Adversarial Video Moment Retrieval by Jointly Modeling Ranking and Localization (AVMR)
This is our implementation for the paper:
Da Cao, Yawen Zeng, Xiaochi Wei, Liqiang Nie, Richang Hong, Zheng Qin. 2020. Adversarial Video Moment Retrieval by Jointly Modeling Ranking and Localization. In The ACM International Conference on Multimedia (ACM MM '20). ACM, Seattle, United States.
Environment Settings
We use the framework pytorch.
- pytorch version: '1.2.0'
- python version: '3.5'
AVMR
The released code consists of the following files.
--workplaceTest
--workplaceTrain
--feature_all
--main.py
--MADDPG.py
--model.py
--memory.py
--utils.py
--randomProcess.py
--readme
Example to run the codes
Run AVMR:
python main.py
Example demo
AVMR_demo_YVKIV.mp4
The visualization of five generated video moments on five iterations is revealed above. The green line and green box indicate the ground truth, the black line and black box represent the generated video moment candidates.
Dataset
We provide two processed datasets: Charades-STA && TACoS The strategy of multi-scale sliding windows is utilized to segment each video with the size of [64, 128, 256, 512] frames with 80% overlap and we randomly selected 80% and 20% of them for training and testing, respectively.
All features are saved in ./feature_all_train, ./feature_all_test.

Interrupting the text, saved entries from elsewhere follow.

(* Let $\Phi=B_l$ with $l\ge2$, fix a system of positive roots $\Phi^+$, and let $\Delta$ be a nonempty subset of $\Phi^+$. Then there exist a long root $\alpha\in\Phi^+$ and a root $\beta\in\Delta$ such that $\alpha+\gamma\notin\Phi$ for all $\gamma\in\Delta$ and $(\alpha,\beta)\ne0$.
   Context: $(\cdot,\cdot)$ denotes the inner product of the Euclidean space containing the root system. *)

theory Defs
  imports "HOL-Analysis.Analysis"
begin

text \<open>The root system of type B_l realised in the Euclidean space real^'n, l = CARD('n):
  short roots \<pm>e_i, long roots \<pm>e_i \<pm> e_j (i \<noteq> j).\<close>

definition rootsB :: "(real^'n) set" where
  "rootsB = {v. \<exists>i. v = axis i 1 \<or> v = - axis i 1}
          \<union> {v. \<exists>i j s t. i \<noteq> j \<and> (s = 1 \<or> s = -1) \<and> (t = 1 \<or> t = -1)
                         \<and> v = s *\<^sub>R axis i 1 + t *\<^sub>R axis j 1}"

definition long_rootB :: "real^'n \<Rightarrow> bool" where
  "long_rootB (v :: real^'n) \<longleftrightarrow> v \<in> rootsB \<and> (\<forall>u\<in>(rootsB :: (real^'n) set). u \<bullet> u \<le> v \<bullet> v)"

definition positive_systemB :: "(real^'n) set \<Rightarrow> bool" where
  "positive_systemB (P :: (real^'n) set) \<longleftrightarrow>
     (\<exists>w. (\<forall>a\<in>(rootsB :: (real^'n) set). a \<bullet> w \<noteq> 0) \<and> P = {a \<in> rootsB. a \<bullet> w > 0})"

end

theory Submission
  imports Defs
begin

text \<open>Among the positive long roots that are not orthogonal to \<open>\<Delta>\<close> (such roots exist), take one,
  \<open>\<alpha>\<close>, of maximal height. If \<open>\<alpha> + \<gamma>\<close> were a root for some \<open>\<gamma> \<in> \<Delta>\<close>, then \<open>(\<alpha>,\<gamma>) = -1\<close> and the
  reflection \<open>\<alpha> + (2 / (\<gamma>,\<gamma>)) \<gamma>\<close> of \<open>\<alpha>\<close> in \<open>\<gamma>\<close> would be a long root of larger height with
  \<open>(\<alpha> + (2 / (\<gamma>,\<gamma>)) \<gamma>, \<gamma>) = 1\<close>, contradicting the maximality of \<open>\<alpha>\<close>.\<close>

lemma rootsB_cases:
  assumes "v \<in> (rootsB :: (real^'n) set)"
  obtains (short) i r where "r = 1 \<or> r = -1" "v = r *\<^sub>R axis i 1"
    | (long) i j s t where "i \<noteq> j" "s = 1 \<or> s = -1" "t = 1 \<or> t = -1"
        "v = s *\<^sub>R axis i 1 + t *\<^sub>R axis j 1"
proof -
  from assms consider (unit) i where "v = axis i 1 \<or> v = - axis i 1"
    | (pair) i j s t where "i \<noteq> j" "s = 1 \<or> s = -1" "t = 1 \<or> t = -1"
        "v = s *\<^sub>R axis i 1 + t *\<^sub>R axis j 1"
    unfolding rootsB_def by blast
  then show thesis
  proof cases
    case (unit i)
    then have "v = 1 *\<^sub>R axis i 1 \<or> v = (-1) *\<^sub>R axis i 1" by simp
    then show thesis using short by blast
  next
    case (pair i j s t)
    then show thesis using long by blast
  qed
qed

lemma short_rootsB_mem: "r = 1 \<or> r = -1 \<Longrightarrow> r *\<^sub>R axis i 1 \<in> (rootsB :: (real^'n) set)"
  unfolding rootsB_def by auto

lemma long_rootsB_mem:
  "i \<noteq> j \<Longrightarrow> s = 1 \<or> s = -1 \<Longrightarrow> t = 1 \<or> t = -1 \<Longrightarrow>
    s *\<^sub>R axis i 1 + t *\<^sub>R axis j 1 \<in> (rootsB :: (real^'n) set)"
  unfolding rootsB_def by blast

lemma inner_self_long_rootsB:
  "(i :: 'n::finite) \<noteq> j \<Longrightarrow> s = 1 \<or> s = -1 \<Longrightarrow> t = 1 \<or> t = -1 \<Longrightarrow>
    (s *\<^sub>R axis i 1 + t *\<^sub>R axis j 1) \<bullet> (s *\<^sub>R axis i 1 + t *\<^sub>R axis j (1::real)) = 2"
  by (auto simp: inner_axis_axis algebra_simps)

lemma inner_self_rootsB: "v \<in> (rootsB :: (real^'n) set) \<Longrightarrow> v \<bullet> v = 1 \<or> v \<bullet> v = 2"
  unfolding rootsB_def by (auto simp: inner_axis_axis algebra_simps)

lemma inner_rootsB_Ints: "u \<in> (rootsB :: (real^'n) set) \<Longrightarrow> v \<in> rootsB \<Longrightarrow> u \<bullet> v \<in> \<int>"
  unfolding rootsB_def by (auto simp: inner_axis_axis algebra_simps)

lemma uminus_rootsB:
  assumes "v \<in> (rootsB :: (real^'n) set)"
  shows "- v \<in> rootsB"
  using assms
proof (cases rule: rootsB_cases)
  case (short i r)
  then show ?thesis using short_rootsB_mem[of "- r" i] by auto
next
  case (long i j s t)
  then show ?thesis using long_rootsB_mem[OF long(1), of "- s" "- t"] by auto
qed

lemma finite_rootsB: "finite (rootsB :: (real^'n) set)"
proof (rule finite_subset)
  show "(rootsB :: (real^'n) set) \<subseteq> (\<lambda>(i, r). r *\<^sub>R axis i 1) ` (UNIV \<times> {1, -1})
      \<union> (\<lambda>(i, j, s, t). s *\<^sub>R axis i 1 + t *\<^sub>R axis j 1) ` (UNIV \<times> UNIV \<times> {1, -1} \<times> {1, -1})"
    (is "_ \<subseteq> ?S")
  proof
    fix v :: "real^'n"
    assume "v \<in> rootsB"
    then show "v \<in> ?S"
    proof (cases rule: rootsB_cases)
      case (short i r)
      then show ?thesis by (intro UnI1 image_eqI[of _ _ "(i, r)"]) auto
    next
      case (long i j s t)
      then show ?thesis by (intro UnI2 image_eqI[of _ _ "(i, j, s, t)"]) auto
    qed
  qed
qed simp

lemma ex_neq_if_card_ge_2: "CARD('n) \<ge> 2 \<Longrightarrow> \<exists>j :: 'n::finite. j \<noteq> k"
  by (metis card_2_iff' ex_card)

lemma long_rootB_iff:
  assumes "CARD('n) \<ge> 2"
  shows "long_rootB (v :: real^'n) \<longleftrightarrow> v \<in> rootsB \<and> v \<bullet> v = 2"
proof -
  obtain i j :: 'n where "i \<noteq> j" using ex_neq_if_card_ge_2[OF assms] by blast
  then have "axis i 1 + axis j 1 \<in> (rootsB :: (real^'n) set)"
    and "(axis i 1 + axis j 1) \<bullet> (axis i 1 + axis j (1::real)) = 2"
    using long_rootsB_mem[of i j 1 1] inner_self_long_rootsB[of i j 1 1] by simp_all
  then show ?thesis
    unfolding long_rootB_def using inner_self_rootsB by fastforce
qed

lemma inner_eq_minus_one_if_add_rootsB:
  assumes "\<alpha> \<in> (rootsB :: (real^'n) set)" "\<alpha> \<bullet> \<alpha> = 2" "\<gamma> \<in> rootsB" "\<alpha> + \<gamma> \<in> rootsB"
  shows "\<alpha> \<bullet> \<gamma> = -1"
proof -
  obtain n :: int where n: "\<alpha> \<bullet> \<gamma> = n"
    using inner_rootsB_Ints[OF assms(1,3)] by (auto elim: Ints_cases)
  have "(\<alpha> + \<gamma>) \<bullet> (\<alpha> + \<gamma>) = 2 + 2 * n + \<gamma> \<bullet> \<gamma>"
    using assms(2) n by (simp add: inner_add_left inner_add_right inner_commute)
  with inner_self_rootsB[OF assms(3)] inner_self_rootsB[OF assms(4)]
  have "real_of_int (2 * n + 1) \<in> {0, -1, -2}"
    by auto
  then have "n = -1" by auto
  then show ?thesis using n by simp
qed

lemma add_two_short_rootsB:
  assumes "\<alpha> \<in> (rootsB :: (real^'n) set)" "\<alpha> \<bullet> \<alpha> = 2" "\<gamma> \<in> rootsB" "\<gamma> \<bullet> \<gamma> = 1" "\<alpha> \<bullet> \<gamma> = -1"
  shows "\<alpha> + 2 *\<^sub>R \<gamma> \<in> rootsB"
proof -
  obtain k r where r: "r = 1 \<or> r = -1" and \<gamma>: "\<gamma> = r *\<^sub>R axis k (1::real)"
    using assms(3,4)
    by (cases rule: rootsB_cases) (auto simp: inner_self_long_rootsB)
  obtain i j s t where ij: "i \<noteq> j" and s: "s = 1 \<or> s = -1" and t: "t = 1 \<or> t = -1"
    and \<alpha>: "\<alpha> = s *\<^sub>R axis i 1 + t *\<^sub>R axis j (1::real)"
    using assms(1,2) by (cases rule: rootsB_cases) (auto simp: inner_axis_axis)
  have "\<alpha> \<bullet> \<gamma> = r * ((if i = k then s else 0) + (if j = k then t else 0))"
    unfolding \<alpha> \<gamma> by (simp add: inner_add_left inner_axis_axis)
  then consider "k = i" "r = - s" | "k = j" "r = - t"
    using assms(5) ij r s t by (auto split: if_splits)
  then show ?thesis
  proof cases
    case 1
    then have "\<alpha> + 2 *\<^sub>R \<gamma> = (- s) *\<^sub>R axis i 1 + t *\<^sub>R axis j 1"
      unfolding \<alpha> \<gamma> by (auto simp: vec_eq_iff axis_def)
    then show ?thesis using long_rootsB_mem[OF ij _ t, of "- s"] s by auto
  next
    case 2
    then have "\<alpha> + 2 *\<^sub>R \<gamma> = s *\<^sub>R axis i 1 + (- t) *\<^sub>R axis j 1"
      unfolding \<alpha> \<gamma> using ij by (auto simp: vec_eq_iff axis_def)
    then show ?thesis using long_rootsB_mem[OF ij s, of "- t"] t by auto
  qed
qed

text \<open>The witness is the reflection \<open>\<alpha> + (2 / (\<gamma>,\<gamma>)) \<gamma>\<close> of \<open>\<alpha>\<close> in \<open>\<gamma>\<close>.\<close>

lemma higher_long_rootB_if_add_rootsB:
  assumes "\<alpha> \<in> (rootsB :: (real^'n) set)" "\<alpha> \<bullet> \<alpha> = 2" "\<gamma> \<in> rootsB" "\<alpha> + \<gamma> \<in> rootsB"
    and "\<gamma> \<bullet> w > 0"
  obtains \<delta> where "\<delta> \<in> rootsB" "\<delta> \<bullet> \<delta> = 2" "\<delta> \<bullet> \<gamma> \<noteq> 0" "\<delta> \<bullet> w > \<alpha> \<bullet> w"
proof -
  have \<alpha>\<gamma>: "\<alpha> \<bullet> \<gamma> = -1" using inner_eq_minus_one_if_add_rootsB[OF assms(1-4)] .
  from inner_self_rootsB[OF assms(3)] show ?thesis
  proof
    assume "\<gamma> \<bullet> \<gamma> = 1"
    with assms \<alpha>\<gamma> show ?thesis
      by (intro that[of "\<alpha> + 2 *\<^sub>R \<gamma>"] add_two_short_rootsB)
        (simp_all add: inner_add_left inner_add_right inner_commute)
  next
    assume "\<gamma> \<bullet> \<gamma> = 2"
    with assms \<alpha>\<gamma> show ?thesis
      by (intro that[of "\<alpha> + \<gamma>"]) (simp_all add: inner_add_left inner_add_right inner_commute)
  qed
qed

lemma ex_long_rootsB_inner_neq_0:
  assumes "CARD('n) \<ge> 2" "\<beta> \<noteq> (0 :: real^'n)"
  obtains a where "a \<in> rootsB" "a \<bullet> a = 2" "a \<bullet> \<beta> \<noteq> 0"
proof -
  obtain k where k: "\<beta> $ k \<noteq> 0" using assms(2) by (auto simp: vec_eq_iff)
  obtain j where j: "j \<noteq> k" using ex_neq_if_card_ge_2[OF assms(1)] by blast
  define a1 where "a1 = axis k 1 + axis j (1::real)"
  define a2 where "a2 = axis k 1 - axis j (1::real)"
  have "a1 \<in> rootsB" "a2 \<in> rootsB" "a1 \<bullet> a1 = 2" "a2 \<bullet> a2 = 2"
    unfolding a1_def a2_def using j long_rootsB_mem[of k j 1 1] long_rootsB_mem[of k j 1 "-1"]
      inner_self_long_rootsB[of k j 1 1] inner_self_long_rootsB[of k j 1 "-1"]
    by auto
  moreover have "a1 \<bullet> \<beta> + a2 \<bullet> \<beta> = 2 * \<beta> $ k"
    unfolding a1_def a2_def by (simp add: inner_add_left inner_diff_left inner_axis')
  then have "a1 \<bullet> \<beta> \<noteq> 0 \<or> a2 \<bullet> \<beta> \<noteq> 0" using k by auto
  ultimately show ?thesis using that by blast
qed

lemma positive_systemB_cases:
  assumes "positive_systemB P"
  obtains w where "\<And>a. a \<in> rootsB \<Longrightarrow> a \<in> P \<or> - a \<in> P"
    and "\<And>a. a \<in> P \<longleftrightarrow> a \<in> rootsB \<and> a \<bullet> w > 0"
proof -
  obtain w where reg: "\<forall>a\<in>rootsB. a \<bullet> w \<noteq> 0" and P: "P = {a \<in> rootsB. a \<bullet> w > 0}"
    using assms unfolding positive_systemB_def by blast
  have "a \<in> P \<or> - a \<in> P" if "a \<in> rootsB" for a
    using reg that uminus_rootsB[OF that] unfolding P by (auto simp: neq_iff)
  then show ?thesis using that P by blast
qed

lemma ex_positive_long_rootB_inner_neq_0:
  assumes "CARD('n) \<ge> 2" "positive_systemB P" "\<beta> \<in> P"
  obtains a :: "real^'n" where "a \<in> P" "a \<bullet> a = 2" "a \<bullet> \<beta> \<noteq> 0"
proof -
  obtain w where sign: "\<And>a. a \<in> rootsB \<Longrightarrow> a \<in> P \<or> - a \<in> P"
    and P: "\<And>a. a \<in> P \<longleftrightarrow> a \<in> rootsB \<and> a \<bullet> w > 0"
    using positive_systemB_cases[OF assms(2)] by blast
  have "\<beta> \<noteq> 0" using assms(3) P inner_self_rootsB by fastforce
  then obtain a where "a \<in> rootsB" "a \<bullet> a = 2" "a \<bullet> \<beta> \<noteq> 0"
    using ex_long_rootsB_inner_neq_0[OF assms(1)] by blast
  with sign[of a] that[of a] that[of "- a"] show thesis by auto
qed

theorem lemma5p6:
  fixes P \<Delta> :: "(real^'n) set"
  assumes "CARD('n) \<ge> 2"
    and "positive_systemB P"
    and "\<Delta> \<subseteq> P" and "\<Delta> \<noteq> {}"
  shows "\<exists>\<alpha> \<beta>. \<alpha> \<in> P \<and> long_rootB \<alpha> \<and> \<beta> \<in> \<Delta>
            \<and> (\<forall>\<gamma>\<in>\<Delta>. \<alpha> + \<gamma> \<notin> rootsB) \<and> \<alpha> \<bullet> \<beta> \<noteq> 0"
proof -
  obtain w where P: "\<And>a. a \<in> P \<longleftrightarrow> a \<in> rootsB \<and> a \<bullet> w > 0"
    using positive_systemB_cases[OF assms(2)] by blast
  define C where "C = {a \<in> P. a \<bullet> a = 2 \<and> (\<exists>\<beta>\<in>\<Delta>. a \<bullet> \<beta> \<noteq> 0)}"
  have "finite C" using finite_rootsB by (rule rev_finite_subset) (auto simp: C_def P)
  moreover have "C \<noteq> {}"
    using assms(3,4) ex_positive_long_rootB_inner_neq_0[OF assms(1,2)] unfolding C_def by blast
  ultimately obtain \<alpha> where \<alpha>: "\<alpha> \<in> C" and max: "\<And>x. x \<in> C \<Longrightarrow> x \<bullet> w \<le> \<alpha> \<bullet> w"
    using ex_is_arg_min_if_finite[of C "\<lambda>x. - (x \<bullet> w)"] unfolding is_arg_min_def by force
  have "\<alpha> + \<gamma> \<notin> rootsB" if \<gamma>: "\<gamma> \<in> \<Delta>" for \<gamma>
  proof
    assume "\<alpha> + \<gamma> \<in> rootsB"
    moreover have "\<alpha> \<in> rootsB" "\<alpha> \<bullet> \<alpha> = 2" "\<alpha> \<bullet> w > 0" "\<gamma> \<in> rootsB" "\<gamma> \<bullet> w > 0"
      using \<alpha> \<gamma> assms(3) by (auto simp: C_def P)
    ultimately obtain \<delta> where "\<delta> \<in> rootsB" "\<delta> \<bullet> \<delta> = 2" "\<delta> \<bullet> \<gamma> \<noteq> 0" "\<delta> \<bullet> w > \<alpha> \<bullet> w"
      using higher_long_rootB_if_add_rootsB by blast
    with \<gamma> \<open>\<alpha> \<bullet> w > 0\<close> max[of \<delta>] show False unfolding C_def P by auto
  qed
  with \<alpha> show ?thesis by (auto simp: C_def P long_rootB_iff[OF assms(1)])
qed

end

- These two processed features are available for downloading here: https://drive.google.com/open?id=1-AMToMuTlPRY1C2n0ZoyKrwBsVPehbFK
- The original videos and their corresponding caption annotations/querys: https://github.com/jiyanggao/TALL and http://www.coli.uni-saarland.de/projects/smile/tacos
Workspace
/workplaceTest and /workplaceTrain that processes videos in advance as a runtime workspace.
Last Update Date: Jul 28, 2020